We also attempted to identify SNPs in genes that could give rise to strong cis eQTL in a porcine population. Typically, cis-acting eQTL are considered to include SNPs that are within 100 kb upstream and downstream of the gene that is affected by that eQTL. On the basis of earlier work involving human genes with promoter polymorphisms, it has been estimated that a sizable fraction of cis-variants (about one-third of the SNPs in promoters) may alter gene expression (Hoogendoorn et al., 2003; Buckland, 2004). One study recently reported on the investigation of cis-regulatory variations in 3′-UTRs for a set of genes showing cis-acting regulation in a panel of mouse recombinant congenic strains (Lee et al., 2006). In farm animals, annotation of the promoter regions for most genes is incomplete. Accordingly, our SNPs are located in the coding region or at the 5′- or 3′-UTR. It is not likely that these SNPs are responsible for differential expressions, that is, causal SNPs. However, in the F2 population, regions of linkage disequilibrium are often large and thus SNPs may serve as linkage disequilibrium markers for any causal SNP. SNPs, in genes that give rise to strong cis eQTL in a F2 population, have a role in disrupting eQTL when they are used as fixed effects (except for the SNP in ZDHHC5). In our study, one haplotype of the AHNAK gene and two other single SNPs are associated with the variation in their expression in the F2 population. The identification of causative polymorphisms and the determination of their functional roles are even more challenging because there are several different molecular mechanisms through which mRNA levels in cells can be regulated. Such putative candidate polymorphisms that affect the transcription of a given gene may be prioritized for experimental validation, and hypotheses can be generated for the possible biological roles of candidate regulatory SNPs based on an examination of the data.

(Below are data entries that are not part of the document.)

theorem lemma3:
  fixes P :: "'x measure"
    and M\<Omega> :: "'o measure"
    and \<omega> :: "'x \<Rightarrow> 'o"
    and \<Theta> :: "(real ^ 's) set"
    and U :: "(real ^ 's) set"
    and \<W> :: "(complex ^ 'm) set"
    and F :: "(complex ^ 'm) \<times> (complex ^ 'm) \<Rightarrow> real"
    and H :: "real ^ 's \<Rightarrow> 'o \<Rightarrow> complex ^ 'm"
    and B_H L_H0 L_H1 :: real
    and \<rho>t :: "'o \<Rightarrow> real"
  assumes prob: "prob_space P"
    and complete: "complete_measure P"
    and rand_elem: "\<omega> \<in> measurable P M\<Omega>"
    \<comment> \<open>(A1)\<close>
    and A1: "C2_on UNIV F"
    \<comment> \<open>(A2)\<close>
    and A2_Theta: "compact \<Theta>" "convex \<Theta>"
    and A2_W: "compact \<W>" "\<W> \<noteq> {}"
    \<comment> \<open>(A3)\<close>
    and U_open: "open U" and Theta_sub: "\<Theta> \<subseteq> U"
    and A3: "AE \<xi> in P.
       (\<forall>\<theta>\<in>\<Theta>. norm (H \<theta> (\<omega> \<xi>)) \<le> B_H)
     \<and> C2_on U (\<lambda>\<theta>. H \<theta> (\<omega> \<xi>))
     \<and> L_H0-lipschitz_on \<Theta> (\<lambda>\<theta>. H \<theta> (\<omega> \<xi>))
     \<and> (\<exists>H'. (\<forall>\<theta>\<in>U. ((\<lambda>\<theta>. H \<theta> (\<omega> \<xi>)) has_derivative blinfun_apply (H' \<theta>)) (at \<theta>))
              \<and> L_H1-lipschitz_on \<Theta> H')"
    \<comment> \<open>(A4)\<close>
    and A4_meas: "\<rho>t \<in> borel_measurable M\<Omega>"
    and A4_pos: "\<forall>w. \<rho>t w > 0"
    and A4_int: "integrable P (\<lambda>\<xi>. \<rho>t (\<omega> \<xi>))"
    and A4: "AE \<xi> in P. weakly_concave_on (\<rho>t (\<omega> \<xi>)) \<Theta>
                (\<lambda>\<theta>. SUP W\<in>\<W>. F (W, H \<theta> (\<omega> \<xi>)))"
    \<comment> \<open>(A5)\<close>
    and A5: "\<forall>\<theta>\<in>\<Theta>. \<forall>Wstar :: 'o \<Rightarrow> complex ^ 'm.
       (\<forall>w. Wstar w \<in> \<W> \<and> (\<forall>W\<in>\<W>. F (W, H \<theta> w) \<le> F (Wstar w, H \<theta> w))) \<longrightarrow>
         (\<lambda>w. F (Wstar w, H \<theta> w)) \<in> borel_measurable M\<Omega>
       \<and> integrable P (\<lambda>\<xi>. (F (Wstar (\<omega> \<xi>), H \<theta> (\<omega> \<xi>)))^2)
       \<and> (\<exists>c. \<forall>w. c \<le> F (Wstar w, H \<theta> w))"
  shows "AE \<xi> in P. \<exists>\<rho>h > 0. weakly_convex_on \<rho>h \<Theta>
            (\<lambda>\<theta>. SUP W\<in>\<W>. F (W, H \<theta> (\<omega> \<xi>)))"
proof -
  have weakly_convex:
    "\<exists>\<rho>h>0. weakly_convex_on \<rho>h \<Theta> (\<lambda>\<theta>. SUP W\<in>\<W>. F (W, H \<theta> w))"
    if H_lip: "L_H0-lipschitz_on \<Theta> (\<lambda>\<theta>. H \<theta> w)"
      and H_der: "\<exists>H'. (\<forall>\<theta>\<in>U. ((\<lambda>\<theta>. H \<theta> w) has_derivative blinfun_apply (H' \<theta>)) (at \<theta>))
                      \<and> L_H1-lipschitz_on \<Theta> H'"
    for w
  proof -
    obtain H' where H'_der: "\<forall>\<theta>\<in>U. ((\<lambda>\<theta>. H \<theta> w) has_derivative blinfun_apply (H' \<theta>)) (at \<theta>)"
      and H'_lip: "L_H1-lipschitz_on \<Theta> H'"
      using H_der by blast
    have "((\<lambda>\<theta>. H \<theta> w) has_derivative blinfun_apply (H' \<theta>)) (at \<theta>)" if "\<theta> \<in> \<Theta>" for \<theta>
      using H'_der Theta_sub that by blast
    from weakly_convex_on_SUP_C2_compose[OF A1 A2_W A2_Theta H_lip this H'_lip]
    show ?thesis .
  qed
  show ?thesis
    using A3 by (rule eventually_mono) (use weakly_convex in blast)
qed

In summary, this is to our knowledge the first report to address the relative sensitivity of the detection of cis and trans eQTL effects, based on the sample size and the methods used to detect expression levels. Sample size has a significant role with regard to statistical power, not only in the detection of eQTL but also in the determination of the kind of eQTL (cis, trans effects), as shown in this study. Cis regulation was more consistent than trans eQTL. The expression level of genes associated with low-heritable traits is predominantly controlled by trans eQTL.